Report, from the records below, every line where the word "longleftrightarrow" appears.

==== SUPPLIED MATERIAL

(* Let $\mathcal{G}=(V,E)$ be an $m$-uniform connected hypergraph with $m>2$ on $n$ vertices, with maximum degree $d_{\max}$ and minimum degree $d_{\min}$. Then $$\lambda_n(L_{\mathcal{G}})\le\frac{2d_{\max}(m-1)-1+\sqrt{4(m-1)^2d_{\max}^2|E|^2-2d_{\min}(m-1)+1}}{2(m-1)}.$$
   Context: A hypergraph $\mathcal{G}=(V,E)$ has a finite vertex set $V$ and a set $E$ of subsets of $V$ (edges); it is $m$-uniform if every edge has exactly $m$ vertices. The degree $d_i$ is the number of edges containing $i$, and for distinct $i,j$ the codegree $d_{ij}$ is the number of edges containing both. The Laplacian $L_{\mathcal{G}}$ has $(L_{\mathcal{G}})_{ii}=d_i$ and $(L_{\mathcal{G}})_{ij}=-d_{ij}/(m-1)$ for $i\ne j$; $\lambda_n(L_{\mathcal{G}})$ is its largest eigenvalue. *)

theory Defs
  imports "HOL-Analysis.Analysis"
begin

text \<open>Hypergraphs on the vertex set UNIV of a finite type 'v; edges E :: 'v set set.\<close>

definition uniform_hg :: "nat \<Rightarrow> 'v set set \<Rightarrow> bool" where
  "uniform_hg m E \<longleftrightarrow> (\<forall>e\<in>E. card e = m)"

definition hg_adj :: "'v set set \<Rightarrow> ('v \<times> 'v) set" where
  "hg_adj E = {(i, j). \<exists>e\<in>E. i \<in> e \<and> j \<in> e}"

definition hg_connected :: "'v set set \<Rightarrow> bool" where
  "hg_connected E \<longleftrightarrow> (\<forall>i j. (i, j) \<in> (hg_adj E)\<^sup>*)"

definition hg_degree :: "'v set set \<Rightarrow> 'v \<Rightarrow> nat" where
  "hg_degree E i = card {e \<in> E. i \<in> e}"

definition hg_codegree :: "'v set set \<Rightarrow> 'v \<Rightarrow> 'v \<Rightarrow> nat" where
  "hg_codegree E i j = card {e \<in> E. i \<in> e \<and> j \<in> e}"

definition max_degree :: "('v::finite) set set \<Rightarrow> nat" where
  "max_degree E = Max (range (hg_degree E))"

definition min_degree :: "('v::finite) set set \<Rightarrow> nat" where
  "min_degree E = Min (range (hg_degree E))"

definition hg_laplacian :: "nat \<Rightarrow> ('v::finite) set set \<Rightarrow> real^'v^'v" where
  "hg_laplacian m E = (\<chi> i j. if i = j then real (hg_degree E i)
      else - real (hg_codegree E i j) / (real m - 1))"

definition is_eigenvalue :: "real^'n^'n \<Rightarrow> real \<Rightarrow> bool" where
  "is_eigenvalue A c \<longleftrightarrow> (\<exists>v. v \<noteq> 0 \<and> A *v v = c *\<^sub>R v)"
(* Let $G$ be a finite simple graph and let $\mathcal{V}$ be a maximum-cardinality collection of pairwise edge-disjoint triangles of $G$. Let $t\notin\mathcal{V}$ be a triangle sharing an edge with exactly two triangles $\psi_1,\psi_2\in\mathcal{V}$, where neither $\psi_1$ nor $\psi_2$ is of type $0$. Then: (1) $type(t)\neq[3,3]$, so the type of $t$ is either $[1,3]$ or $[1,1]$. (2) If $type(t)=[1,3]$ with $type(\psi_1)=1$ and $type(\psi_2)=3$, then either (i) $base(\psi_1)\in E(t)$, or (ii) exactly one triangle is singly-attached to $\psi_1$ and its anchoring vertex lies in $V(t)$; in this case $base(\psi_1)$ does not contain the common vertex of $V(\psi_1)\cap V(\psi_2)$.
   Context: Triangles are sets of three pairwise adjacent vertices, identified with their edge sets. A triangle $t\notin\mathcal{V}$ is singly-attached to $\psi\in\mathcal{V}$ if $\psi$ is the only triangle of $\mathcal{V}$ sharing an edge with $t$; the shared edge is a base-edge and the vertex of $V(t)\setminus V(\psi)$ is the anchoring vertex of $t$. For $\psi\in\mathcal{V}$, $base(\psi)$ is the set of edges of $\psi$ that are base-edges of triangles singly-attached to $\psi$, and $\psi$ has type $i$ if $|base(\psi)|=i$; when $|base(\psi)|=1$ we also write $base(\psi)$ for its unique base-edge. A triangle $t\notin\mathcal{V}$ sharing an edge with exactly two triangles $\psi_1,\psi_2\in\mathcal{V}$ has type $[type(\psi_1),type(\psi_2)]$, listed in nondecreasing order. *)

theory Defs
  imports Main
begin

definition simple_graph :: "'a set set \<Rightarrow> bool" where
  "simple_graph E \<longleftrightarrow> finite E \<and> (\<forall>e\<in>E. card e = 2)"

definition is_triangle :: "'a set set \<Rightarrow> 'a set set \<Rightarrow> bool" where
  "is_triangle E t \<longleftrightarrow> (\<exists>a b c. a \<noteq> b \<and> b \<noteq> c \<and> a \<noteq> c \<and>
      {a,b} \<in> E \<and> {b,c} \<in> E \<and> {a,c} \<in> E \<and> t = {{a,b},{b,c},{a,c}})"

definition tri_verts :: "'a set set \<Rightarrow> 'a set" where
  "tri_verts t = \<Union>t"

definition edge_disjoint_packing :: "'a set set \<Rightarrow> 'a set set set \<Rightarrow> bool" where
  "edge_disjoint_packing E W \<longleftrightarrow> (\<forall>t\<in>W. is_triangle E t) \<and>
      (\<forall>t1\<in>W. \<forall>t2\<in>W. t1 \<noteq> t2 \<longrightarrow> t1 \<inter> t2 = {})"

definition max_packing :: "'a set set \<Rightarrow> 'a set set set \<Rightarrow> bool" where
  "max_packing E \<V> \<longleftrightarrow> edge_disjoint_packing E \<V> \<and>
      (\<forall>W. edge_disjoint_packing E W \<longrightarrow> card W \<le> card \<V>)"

========
==== SUPPLIED MATERIAL

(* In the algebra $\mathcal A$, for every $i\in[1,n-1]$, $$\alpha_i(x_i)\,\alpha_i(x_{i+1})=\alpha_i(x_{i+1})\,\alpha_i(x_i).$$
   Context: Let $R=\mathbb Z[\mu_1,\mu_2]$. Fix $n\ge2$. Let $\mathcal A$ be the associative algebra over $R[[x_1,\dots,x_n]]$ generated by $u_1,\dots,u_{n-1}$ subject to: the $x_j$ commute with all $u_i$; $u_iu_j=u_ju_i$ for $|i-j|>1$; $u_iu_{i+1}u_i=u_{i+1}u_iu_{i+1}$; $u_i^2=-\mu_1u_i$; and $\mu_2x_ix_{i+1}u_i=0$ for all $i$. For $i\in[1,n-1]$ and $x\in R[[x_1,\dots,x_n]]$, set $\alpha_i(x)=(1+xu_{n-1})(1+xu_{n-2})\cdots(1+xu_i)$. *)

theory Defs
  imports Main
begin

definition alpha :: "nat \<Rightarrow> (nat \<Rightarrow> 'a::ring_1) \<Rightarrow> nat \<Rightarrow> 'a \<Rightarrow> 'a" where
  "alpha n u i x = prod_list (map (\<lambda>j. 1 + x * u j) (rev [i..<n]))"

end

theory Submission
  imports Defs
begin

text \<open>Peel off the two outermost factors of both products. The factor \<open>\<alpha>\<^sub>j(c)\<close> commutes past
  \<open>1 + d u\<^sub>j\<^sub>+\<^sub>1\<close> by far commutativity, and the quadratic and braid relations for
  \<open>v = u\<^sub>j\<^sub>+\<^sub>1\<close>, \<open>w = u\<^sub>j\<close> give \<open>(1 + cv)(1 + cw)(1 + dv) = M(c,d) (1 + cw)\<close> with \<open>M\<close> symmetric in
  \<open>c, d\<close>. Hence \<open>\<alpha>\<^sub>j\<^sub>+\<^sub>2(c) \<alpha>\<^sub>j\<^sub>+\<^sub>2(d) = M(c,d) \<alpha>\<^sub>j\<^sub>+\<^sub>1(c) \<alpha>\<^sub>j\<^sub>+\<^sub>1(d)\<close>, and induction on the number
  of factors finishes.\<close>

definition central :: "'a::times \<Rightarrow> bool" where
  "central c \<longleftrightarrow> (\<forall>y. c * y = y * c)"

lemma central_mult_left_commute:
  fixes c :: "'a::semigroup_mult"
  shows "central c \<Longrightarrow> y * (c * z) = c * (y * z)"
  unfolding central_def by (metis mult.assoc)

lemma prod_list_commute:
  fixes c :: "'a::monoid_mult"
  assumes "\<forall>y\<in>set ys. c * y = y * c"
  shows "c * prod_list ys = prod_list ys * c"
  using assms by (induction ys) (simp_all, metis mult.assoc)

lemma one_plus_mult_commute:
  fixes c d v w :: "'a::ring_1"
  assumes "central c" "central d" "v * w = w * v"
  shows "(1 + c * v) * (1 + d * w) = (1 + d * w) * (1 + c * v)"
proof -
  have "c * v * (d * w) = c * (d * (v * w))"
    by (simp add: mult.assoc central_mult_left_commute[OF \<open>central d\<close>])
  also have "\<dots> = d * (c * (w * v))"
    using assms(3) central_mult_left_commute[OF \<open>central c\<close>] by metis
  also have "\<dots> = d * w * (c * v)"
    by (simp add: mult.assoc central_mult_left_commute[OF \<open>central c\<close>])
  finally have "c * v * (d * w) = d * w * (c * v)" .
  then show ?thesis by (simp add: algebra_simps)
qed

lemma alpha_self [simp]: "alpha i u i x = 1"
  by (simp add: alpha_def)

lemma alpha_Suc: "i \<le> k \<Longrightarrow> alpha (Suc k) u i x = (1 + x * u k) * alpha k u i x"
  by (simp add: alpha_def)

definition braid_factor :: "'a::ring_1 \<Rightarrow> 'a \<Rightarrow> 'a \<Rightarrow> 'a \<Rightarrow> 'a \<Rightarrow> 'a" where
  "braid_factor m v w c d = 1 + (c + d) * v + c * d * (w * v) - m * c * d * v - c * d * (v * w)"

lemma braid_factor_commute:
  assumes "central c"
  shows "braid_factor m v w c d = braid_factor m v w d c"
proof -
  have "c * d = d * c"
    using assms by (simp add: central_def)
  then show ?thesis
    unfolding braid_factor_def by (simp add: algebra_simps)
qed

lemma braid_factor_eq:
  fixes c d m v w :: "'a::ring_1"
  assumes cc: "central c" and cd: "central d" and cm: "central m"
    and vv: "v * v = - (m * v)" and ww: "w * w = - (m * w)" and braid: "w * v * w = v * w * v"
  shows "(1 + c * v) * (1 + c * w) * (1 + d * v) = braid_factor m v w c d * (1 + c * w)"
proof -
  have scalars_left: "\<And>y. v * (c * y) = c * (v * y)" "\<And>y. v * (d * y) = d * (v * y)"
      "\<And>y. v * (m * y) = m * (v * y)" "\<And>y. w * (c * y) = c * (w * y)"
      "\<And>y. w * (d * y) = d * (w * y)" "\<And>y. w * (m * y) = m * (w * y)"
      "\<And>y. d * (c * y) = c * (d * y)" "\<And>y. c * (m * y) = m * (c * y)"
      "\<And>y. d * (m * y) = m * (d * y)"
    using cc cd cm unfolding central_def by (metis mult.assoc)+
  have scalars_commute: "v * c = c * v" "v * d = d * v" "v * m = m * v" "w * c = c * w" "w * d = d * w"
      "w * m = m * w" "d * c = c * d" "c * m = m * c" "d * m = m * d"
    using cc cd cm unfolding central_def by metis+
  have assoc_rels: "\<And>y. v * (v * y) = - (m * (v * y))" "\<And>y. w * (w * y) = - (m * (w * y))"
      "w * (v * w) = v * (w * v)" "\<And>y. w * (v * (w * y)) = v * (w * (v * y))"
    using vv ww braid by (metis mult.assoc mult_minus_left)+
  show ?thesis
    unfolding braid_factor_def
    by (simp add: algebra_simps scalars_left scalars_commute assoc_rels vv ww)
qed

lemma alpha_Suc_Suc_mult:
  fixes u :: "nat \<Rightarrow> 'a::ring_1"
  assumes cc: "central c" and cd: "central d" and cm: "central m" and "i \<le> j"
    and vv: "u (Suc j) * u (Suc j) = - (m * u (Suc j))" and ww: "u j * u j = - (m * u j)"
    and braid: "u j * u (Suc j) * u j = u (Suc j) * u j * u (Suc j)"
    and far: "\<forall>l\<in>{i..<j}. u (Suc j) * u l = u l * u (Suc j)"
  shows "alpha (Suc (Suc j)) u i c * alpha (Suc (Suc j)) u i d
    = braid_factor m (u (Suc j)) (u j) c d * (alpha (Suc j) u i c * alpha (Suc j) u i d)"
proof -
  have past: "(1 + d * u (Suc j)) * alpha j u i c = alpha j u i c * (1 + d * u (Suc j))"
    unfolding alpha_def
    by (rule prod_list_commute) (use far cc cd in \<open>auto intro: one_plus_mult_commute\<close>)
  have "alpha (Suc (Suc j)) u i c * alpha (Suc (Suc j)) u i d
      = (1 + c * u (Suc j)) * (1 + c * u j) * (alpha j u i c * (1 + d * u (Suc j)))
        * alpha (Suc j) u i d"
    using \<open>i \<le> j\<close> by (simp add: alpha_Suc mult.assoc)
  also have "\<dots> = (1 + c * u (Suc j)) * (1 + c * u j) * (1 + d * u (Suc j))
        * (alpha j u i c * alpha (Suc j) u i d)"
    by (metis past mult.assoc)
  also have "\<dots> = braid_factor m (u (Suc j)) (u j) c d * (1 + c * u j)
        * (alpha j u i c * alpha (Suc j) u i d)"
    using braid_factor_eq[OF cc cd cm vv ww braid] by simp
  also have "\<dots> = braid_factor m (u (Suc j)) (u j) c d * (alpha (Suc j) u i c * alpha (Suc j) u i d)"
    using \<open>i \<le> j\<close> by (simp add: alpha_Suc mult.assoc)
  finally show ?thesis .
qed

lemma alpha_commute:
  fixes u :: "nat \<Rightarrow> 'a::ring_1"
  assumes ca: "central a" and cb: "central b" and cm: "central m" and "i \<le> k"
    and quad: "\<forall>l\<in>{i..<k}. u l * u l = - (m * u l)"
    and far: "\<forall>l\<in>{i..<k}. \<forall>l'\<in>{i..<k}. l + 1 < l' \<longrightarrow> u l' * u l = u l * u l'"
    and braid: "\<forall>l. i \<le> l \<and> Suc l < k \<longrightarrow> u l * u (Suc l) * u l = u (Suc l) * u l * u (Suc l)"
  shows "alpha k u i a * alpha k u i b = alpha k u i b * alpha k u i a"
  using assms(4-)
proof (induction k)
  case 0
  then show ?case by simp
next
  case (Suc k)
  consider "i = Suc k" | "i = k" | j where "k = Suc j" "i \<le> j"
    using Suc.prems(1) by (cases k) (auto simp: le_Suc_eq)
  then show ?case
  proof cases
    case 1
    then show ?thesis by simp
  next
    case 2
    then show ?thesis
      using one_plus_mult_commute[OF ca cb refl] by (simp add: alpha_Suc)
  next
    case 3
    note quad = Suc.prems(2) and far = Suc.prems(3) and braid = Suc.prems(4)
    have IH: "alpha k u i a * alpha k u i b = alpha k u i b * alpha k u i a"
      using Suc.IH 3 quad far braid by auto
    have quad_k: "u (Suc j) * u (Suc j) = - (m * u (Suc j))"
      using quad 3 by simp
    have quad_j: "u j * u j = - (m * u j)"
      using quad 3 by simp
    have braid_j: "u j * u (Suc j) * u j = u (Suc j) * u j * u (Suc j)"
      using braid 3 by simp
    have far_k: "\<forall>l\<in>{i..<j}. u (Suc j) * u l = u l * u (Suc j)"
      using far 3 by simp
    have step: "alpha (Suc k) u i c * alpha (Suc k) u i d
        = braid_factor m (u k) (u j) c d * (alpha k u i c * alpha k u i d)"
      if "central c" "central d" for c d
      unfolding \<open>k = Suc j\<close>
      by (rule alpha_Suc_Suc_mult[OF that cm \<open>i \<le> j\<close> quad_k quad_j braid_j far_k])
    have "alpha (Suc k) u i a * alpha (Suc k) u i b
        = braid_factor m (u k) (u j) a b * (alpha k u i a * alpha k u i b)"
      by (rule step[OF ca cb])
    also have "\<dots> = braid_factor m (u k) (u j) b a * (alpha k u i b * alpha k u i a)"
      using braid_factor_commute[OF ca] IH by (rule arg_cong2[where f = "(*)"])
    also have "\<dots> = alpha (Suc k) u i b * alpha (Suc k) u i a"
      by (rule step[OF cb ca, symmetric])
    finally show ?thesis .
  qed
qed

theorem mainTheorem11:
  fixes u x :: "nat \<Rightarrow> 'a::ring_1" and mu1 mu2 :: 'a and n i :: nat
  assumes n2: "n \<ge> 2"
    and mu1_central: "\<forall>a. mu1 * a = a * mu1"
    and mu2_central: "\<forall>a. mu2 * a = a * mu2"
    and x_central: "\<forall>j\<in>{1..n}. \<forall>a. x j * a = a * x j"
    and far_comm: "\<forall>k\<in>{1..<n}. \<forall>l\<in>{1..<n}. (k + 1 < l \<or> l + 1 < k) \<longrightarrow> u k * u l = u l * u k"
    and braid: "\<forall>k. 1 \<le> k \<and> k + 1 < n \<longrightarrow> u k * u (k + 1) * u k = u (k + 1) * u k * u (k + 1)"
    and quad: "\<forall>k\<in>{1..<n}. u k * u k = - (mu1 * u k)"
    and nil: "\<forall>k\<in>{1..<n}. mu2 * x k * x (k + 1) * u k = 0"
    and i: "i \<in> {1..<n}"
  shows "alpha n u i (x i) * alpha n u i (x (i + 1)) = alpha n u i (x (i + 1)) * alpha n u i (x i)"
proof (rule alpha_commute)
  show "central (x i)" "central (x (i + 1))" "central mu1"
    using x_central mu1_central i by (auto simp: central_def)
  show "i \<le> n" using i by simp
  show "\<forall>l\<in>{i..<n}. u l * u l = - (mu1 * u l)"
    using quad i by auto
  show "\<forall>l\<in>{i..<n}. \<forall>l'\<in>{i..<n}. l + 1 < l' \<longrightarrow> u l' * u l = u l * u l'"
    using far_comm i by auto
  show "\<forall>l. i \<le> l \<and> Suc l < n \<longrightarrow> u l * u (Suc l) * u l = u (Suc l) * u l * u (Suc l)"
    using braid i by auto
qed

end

========

● RESPONSE
  "uniform_hg m E \<longleftrightarrow> (\<forall>e\<in>E. card e = m)"
  "hg_connected E \<longleftrightarrow> (\<forall>i j. (i, j) \<in> (hg_adj E)\<^sup>*)"
  "is_eigenvalue A c \<longleftrightarrow> (\<exists>v. v \<noteq> 0 \<and> A *v v = c *\<^sub>R v)"
  "simple_graph E \<longleftrightarrow> finite E \<and> (\<forall>e\<in>E. card e = 2)"
  "is_triangle E t \<longleftrightarrow> (\<exists>a b c. a \<noteq> b \<and> b \<noteq> c \<and> a \<noteq> c \<and>
  "edge_disjoint_packing E W \<longleftrightarrow> (\<forall>t\<in>W. is_triangle E t) \<and>
  "max_packing E \<V> \<longleftrightarrow> edge_disjoint_packing E \<V> \<and>
  "central c \<longleftrightarrow> (\<forall>y. c * y = y * c)"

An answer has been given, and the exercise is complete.